Exercise requirements ::
Where does the string "list" appear? Copy every line of the entries below that holds it.

Stored data ::
(* Let $D\mapsto f_D\in\mathbb{H}$ be a functional summary on a collection $\mathcal{D}$ of datasets, and suppose there exist adjacent datasets $D_1,D_2\in\mathcal{D}$ with $f_{D_1}-f_{D_2}\in\mathcal{H}_C\setminus\mathcal{H}_{1,C}$. Let $Z$ be an ICLP with mean $0$ and covariance operator $C$. Then for every $\epsilon>0$ there is no $\sigma>0$ such that the mechanism $D\mapsto f_D+\sigma Z$ satisfies $\epsilon$-differential privacy.
   Context: $\mathbb{H}$ is a real separable infinite-dimensional Hilbert space. $C$ is a covariance operator on $\mathbb{H}$ with eigenvalues $\lambda_1\ge\lambda_2\ge\dots>0$ and eigenvectors $\{\phi_j\}_{j\ge1}$ forming an orthonormal basis of $\mathbb{H}$; $h_j=\langle h,\phi_j\rangle$. $\|h\|_C=(\sum_j h_j^2/\lambda_j)^{1/2}$, $\mathcal{H}_C=\{h:\|h\|_C<\infty\}$, $\|h\|_{1,C}=\sum_j|h_j|/\sqrt{\lambda_j}$, $\mathcal{H}_{1,C}=\{h:\|h\|_{1,C}<\infty\}\subseteq\mathcal{H}_C$. An ICLP with mean $\mu$ and covariance operator $C$ is the random element $\mu+\sum_{j\ge1}\sqrt{\lambda_j}Z_j\phi_j$ (series converging in $L^2(\Omega;\mathbb{H})$), where $Z_j$ are i.i.d. Laplace with mean $0$ and variance $1$, i.e. with density $\frac1{\sqrt2}e^{-\sqrt2|x|}$. Datasets $D,D'$ are adjacent if they differ in exactly one record. For a mechanism releasing the random element $\tilde f_D$, let $P_D$ be its law on the Borel $\sigma$-algebra of $\mathbb{H}$; the mechanism is $\epsilon$-differentially private if $P_D(A)\le e^{\epsilon}P_{D'}(A)$ for all adjacent $D,D'$ and all Borel $A\subseteq\mathbb{H}$. *)

theory Defs
  imports "HOL-Probability.Probability"
begin

text \<open>Covariance operator C on the Hilbert space with eigenvalues lam j (positive,
  non-increasing, summable = trace class) and eigenvectors phi j forming an orthonormal basis.\<close>
definition covariance_operator ::
  "('h::{real_inner,complete_space} \<Rightarrow> 'h) \<Rightarrow> (nat \<Rightarrow> real) \<Rightarrow> (nat \<Rightarrow> 'h) \<Rightarrow> bool" where
  "covariance_operator C lam phi \<longleftrightarrow>
     bounded_linear C \<and>
     (\<forall>i j. phi i \<bullet> phi j = (if i = j then 1 else 0)) \<and>
     (\<forall>h. (\<lambda>n. \<Sum>j<n. (h \<bullet> phi j) *\<^sub>R phi j) \<longlonglongrightarrow> h) \<and>
     (\<forall>j. C (phi j) = lam j *\<^sub>R phi j) \<and>
     (\<forall>j. lam j > 0) \<and> antimono lam \<and> summable lam"

definition H_C :: "(nat \<Rightarrow> real) \<Rightarrow> (nat \<Rightarrow> 'h::real_inner) \<Rightarrow> 'h set" where
  "H_C lam phi = {h. summable (\<lambda>j. (h \<bullet> phi j)\<^sup>2 / lam j)}"

definition H_1C :: "(nat \<Rightarrow> real) \<Rightarrow> (nat \<Rightarrow> 'h::real_inner) \<Rightarrow> 'h set" where
  "H_1C lam phi = {h. summable (\<lambda>j. \<bar>h \<bullet> phi j\<bar> / sqrt (lam j))}"

text \<open>Laplace density with mean 0 and variance 1.\<close>
definition laplace_density :: "real \<Rightarrow> ennreal" where
  "laplace_density x = ennreal (exp (- sqrt 2 * \<bar>x\<bar>) / sqrt 2)"

definition iid_laplace :: "'a measure \<Rightarrow> (nat \<Rightarrow> 'a \<Rightarrow> real) \<Rightarrow> bool" where
  "iid_laplace M Zs \<longleftrightarrow>
     prob_space.indep_vars M (\<lambda>_. borel) Zs UNIV \<and>
     (\<forall>j. distributed M lborel (Zs j) laplace_density)"

definition ICLP_partial ::
  "(nat \<Rightarrow> real) \<Rightarrow> (nat \<Rightarrow> 'h::real_normed_vector) \<Rightarrow> (nat \<Rightarrow> 'a \<Rightarrow> real) \<Rightarrow> nat \<Rightarrow> 'a \<Rightarrow> 'h" where
  "ICLP_partial lam phi Zs n \<omega> = (\<Sum>j<n. (sqrt (lam j) * Zs j \<omega>) *\<^sub>R phi j)"

definition is_ICLP ::
  "'a measure \<Rightarrow> 'h::real_normed_vector \<Rightarrow> (nat \<Rightarrow> real) \<Rightarrow> (nat \<Rightarrow> 'h) \<Rightarrow>
   (nat \<Rightarrow> 'a \<Rightarrow> real) \<Rightarrow> ('a \<Rightarrow> 'h) \<Rightarrow> bool" where
  "is_ICLP M mu lam phi Zs Z \<longleftrightarrow>
     iid_laplace M Zs \<and> Z \<in> borel_measurable M \<and>
     (\<lambda>n. \<integral>\<^sup>+\<omega>. ennreal ((norm (Z \<omega> - (mu + ICLP_partial lam phi Zs n \<omega>)))\<^sup>2) \<partial>M)
        \<longlonglongrightarrow> 0"

definition adjacent :: "'r list \<Rightarrow> 'r list \<Rightarrow> bool" where
  "adjacent D D' \<longleftrightarrow> length D = length D' \<and> card {i. i < length D \<and> D ! i \<noteq> D' ! i} = 1"

definition eps_DP ::
  "'a measure \<Rightarrow> 'r list set \<Rightarrow> ('r list \<Rightarrow> 'a \<Rightarrow> 'h::topological_space) \<Rightarrow> real \<Rightarrow> bool" where
  "eps_DP M Ds mech eps \<longleftrightarrow>
     (\<forall>D\<in>Ds. \<forall>D'\<in>Ds. adjacent D D' \<longrightarrow>
        (\<forall>A\<in>sets borel.
           measure (distr M borel (mech D)) A \<le> exp eps * measure (distr M borel (mech D')) A))"

end

theory Submission
  imports Defs
begin

text \<open>
  On the half-line from \<open>a\<close> away from the origin one has \<open>|y - a| = |y| - |a|\<close>, so there the
  Laplace density translated by \<open>a\<close> is exactly \<open>exp (sqrt 2 * |a|)\<close> times the untranslated one.
  Passing from \<open>f D\<^sub>2\<close> to \<open>f D\<^sub>1\<close> translates the \<open>j\<close>-th standardised coordinate of
  the output by \<open>a\<^sub>j = \<langle>f D\<^sub>1 - f D\<^sub>2, \<phi>\<^sub>j\<rangle> / (\<sigma> sqrt \<lambda>\<^sub>j)\<close>, and these coordinates are
  independent Laplace variables. Hence on the cylinder set on which each of the first \<open>n\<close>
  coordinates lies in its half-line the two output laws differ by the factor
  \<open>exp (sqrt 2 * \<Sum>\<^sub>j\<^sub><\<^sub>n |a\<^sub>j|)\<close>, while both probabilities are positive. Since
  \<open>f D\<^sub>1 - f D\<^sub>2 \<notin> H_1C\<close>, this factor is unbounded in \<open>n\<close>.
\<close>

definition laplace_tail :: "real \<Rightarrow> real set" where
  "laplace_tail a = (if 0 \<le> a then {a..} else {..a})"

lemma laplace_tail_borel [measurable]: "laplace_tail a \<in> sets borel"
  by (simp add: laplace_tail_def)

lemma borel_measurable_laplace_density [measurable]: "laplace_density \<in> borel_measurable borel"
  unfolding laplace_density_def by measurable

Exercise solution ::
definition adjacent :: "'r list \<Rightarrow> 'r list \<Rightarrow> bool" where
  "'a measure \<Rightarrow> 'r list set \<Rightarrow> ('r list \<Rightarrow> 'a \<Rightarrow> 'h::topological_space) \<Rightarrow> real \<Rightarrow> bool" where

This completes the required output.